I found an example of how to solve equation over $\mathbb{Z}$

Example

Solve the equation over $\mathbb{Z}$ : $$xy + 1 = 3x + y. $$ $$ xy = 1 + 3x + y \Longleftrightarrow (x-1) (y-3) = 2 $$ and $\textrm{Div} (2) = \{-2, -1,1,2\}$.

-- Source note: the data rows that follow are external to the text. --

(* Let $(F_i,g_{F_i})$, $i=1,\dots,m$, be Ricci-flat Riemannian manifolds with $s_i=\dim F_i$, let $p_1,\dots,p_m\in\mathbb{R}$, and set $\zeta=\sum_l s_lp_l$, $\eta=\sum_l s_lp_l^2$. Let $\bar\zeta,\bar\eta\in\mathbb{R}\setminus\{0\}$ with $\bar\zeta^2=\bar\eta$, and let $\psi(t)=at+b$ with $a,b\ge0$ and $a^2+b^2>0$. If $\zeta=\bar\zeta$, $\eta=\bar\eta$, and $\zeta-p_i\neq0$, $\eta-p_i\zeta\neq0$ for all $i$, then $M=(0,\infty)\times F_1\times\cdots\times F_m$ with metric $g=-\mathrm{d}t^2\oplus\varphi^{2p_1}g_{F_1}\oplus\cdots\oplus\varphi^{2p_m}g_{F_m}$, where $\varphi=\psi^{1/\zeta}$, is a Ricci-flat space-time.
   Context: The metric means $\pi^*(-\mathrm{d}t^2)+\sum_i(\varphi\circ\pi)^{2p_i}\sigma_i^*(g_{F_i})$ with $\pi,\sigma_i$ the projections onto $(0,\infty)$ and $F_i$. *)

theory Defs
  imports "HOL-Analysis.Analysis"
begin

text \<open>Ricci-flatness is a local property, so manifolds are represented by arbitrary
coordinate charts (open subsets of R^n with a smooth metric).\<close>

definition coord_space :: "nat \<Rightarrow> (nat \<Rightarrow> real) set" where
  "coord_space n = {x. \<forall>k\<ge>n. x k = 0}"

definition pd :: "nat \<Rightarrow> ((nat \<Rightarrow> real) \<Rightarrow> real) \<Rightarrow> (nat \<Rightarrow> real) \<Rightarrow> real" where
  "pd k f x = deriv (\<lambda>h. f (x(k := x k + h))) 0"

fun ipd :: "nat list \<Rightarrow> ((nat \<Rightarrow> real) \<Rightarrow> real) \<Rightarrow> (nat \<Rightarrow> real) \<Rightarrow> real" where
  "ipd [] f = f"
| "ipd (k # ks) f = pd k (ipd ks f)"

definition smooth_on :: "nat \<Rightarrow> (nat \<Rightarrow> real) set \<Rightarrow> ((nat \<Rightarrow> real) \<Rightarrow> real) \<Rightarrow> bool" where
  "smooth_on n U f \<longleftrightarrow>
     (\<forall>ks. set ks \<subseteq> {..<n} \<longrightarrow>
        continuous_on U (ipd ks f) \<and>
        (\<forall>x\<in>U. \<forall>k<n. (\<lambda>h. ipd ks f (x(k := x k + h))) differentiable (at 0)))"

type_synonym metric = "(nat \<Rightarrow> real) \<Rightarrow> nat \<Rightarrow> nat \<Rightarrow> real"

definition is_inverse_mat :: "nat \<Rightarrow> (nat \<Rightarrow> nat \<Rightarrow> real) \<Rightarrow> (nat \<Rightarrow> nat \<Rightarrow> real) \<Rightarrow> bool" where
  "is_inverse_mat n A B \<longleftrightarrow>
     (\<forall>i<n. \<forall>j<n. (\<Sum>k<n. A i k * B k j) = (if i = j then 1 else 0))
     \<and> (\<forall>i j. i \<ge> n \<or> j \<ge> n \<longrightarrow> B i j = 0)"
(* Let $q$ be a prime power, let $\gamma$ be a primitive element of $\mathbb{F}_{q^2}$, and for any integer $a$ let $h_a(x)\in\mathbb{F}_q[x]$ be the minimal polynomial of $\gamma^{-a}$ over $\mathbb{F}_q$. For integers $e_1,e_2$ let $\mathcal{C}_{((q+1)e_1,e_2)}$ be the cyclic code of length $q^2-1$ over $\mathbb{F}_q$ with parity-check polynomial $h_{(q+1)e_1}(x)h_{e_2}(x)$. Let $\mathcal{N}$ be the number of distinct cyclic codes of the form $\mathcal{C}_{((q+1)e_1,e_2)}$, of length $q^2-1$ and dimension $3$, where $e_1,e_2$ range over all integers with $\gcd(q-1,2e_1-e_2)=1$ and $\gcd(q+1,e_2)=1$. Then $$\mathcal{N}=\frac{\phi(q^2-1)(q-1)}{2},$$ where $\phi$ is Euler's totient function. *)

theory Defs
  imports "HOL-Computational_Algebra.Polynomial" "HOL-Number_Theory.Totient" "HOL-Library.Cardinality"
begin

text \<open>The big field F_{q^2} is a finite field type 'a with q^2 elements;
  F_q is realised as its unique subfield of order q, namely the set of
  elements fixed by x |-> x^q.\<close>
definition subfield_Fq :: "nat \<Rightarrow> 'a::field set" where
  "subfield_Fq q = {x. x ^ q = x}"

definition poly_over :: "'a::field set \<Rightarrow> 'a poly \<Rightarrow> bool" where
  "poly_over K p \<longleftrightarrow> (\<forall>i. coeff p i \<in> K)"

We can then describe the set of pairs $(x, y)$ solutions $$\textrm{S} = (1,3) + \{(-2, -1), (- 1, -2), (1,2), (2,1)\}$$

My thoughts:

From the equation $(1-x) (y-3) = 2$ I can see that $(x-1)\mid 2$ and $(y-3)\mid 2$ then $(x-1)\in \textrm{Div}(2) $ and $(y-3)\in \textrm{Div}(2) $ or $\textrm{Div} (2) = \{-2, -1,1,2\}$ thus

• $x-1=-2 \text{ and } y-3=-2 \Longrightarrow (x=-1,y=1)$
• $x-1=-1 \text{ and } y-3=-1 \Longrightarrow (x=-2,y=2)$
• $x-1=1 \text{ and } y-3=1 \Longrightarrow (x=2,y=4)$
• $x-1=2 \text{ and } y-3=2 \Longrightarrow (x=3,y=5)$

Thus the set of pairs $(x, y)$ solutions $\textrm{S}=\{ (x=-1,y=1),(x=-2,y=2),(x=2,y=4),(x=3,y=5)\}$

Am I right if not I really need help to understand the example

Thanks a lot.

Answer 1

Both $x-1$ and $y-3$ divide 2 but they also need to multiply to give $2$. So you should only consider $$ 2=2\times 1=1\times 2=(-2)\times(-1)=(-1)\times(-2). $$ These correspond to the 4 solutions given in the official solution.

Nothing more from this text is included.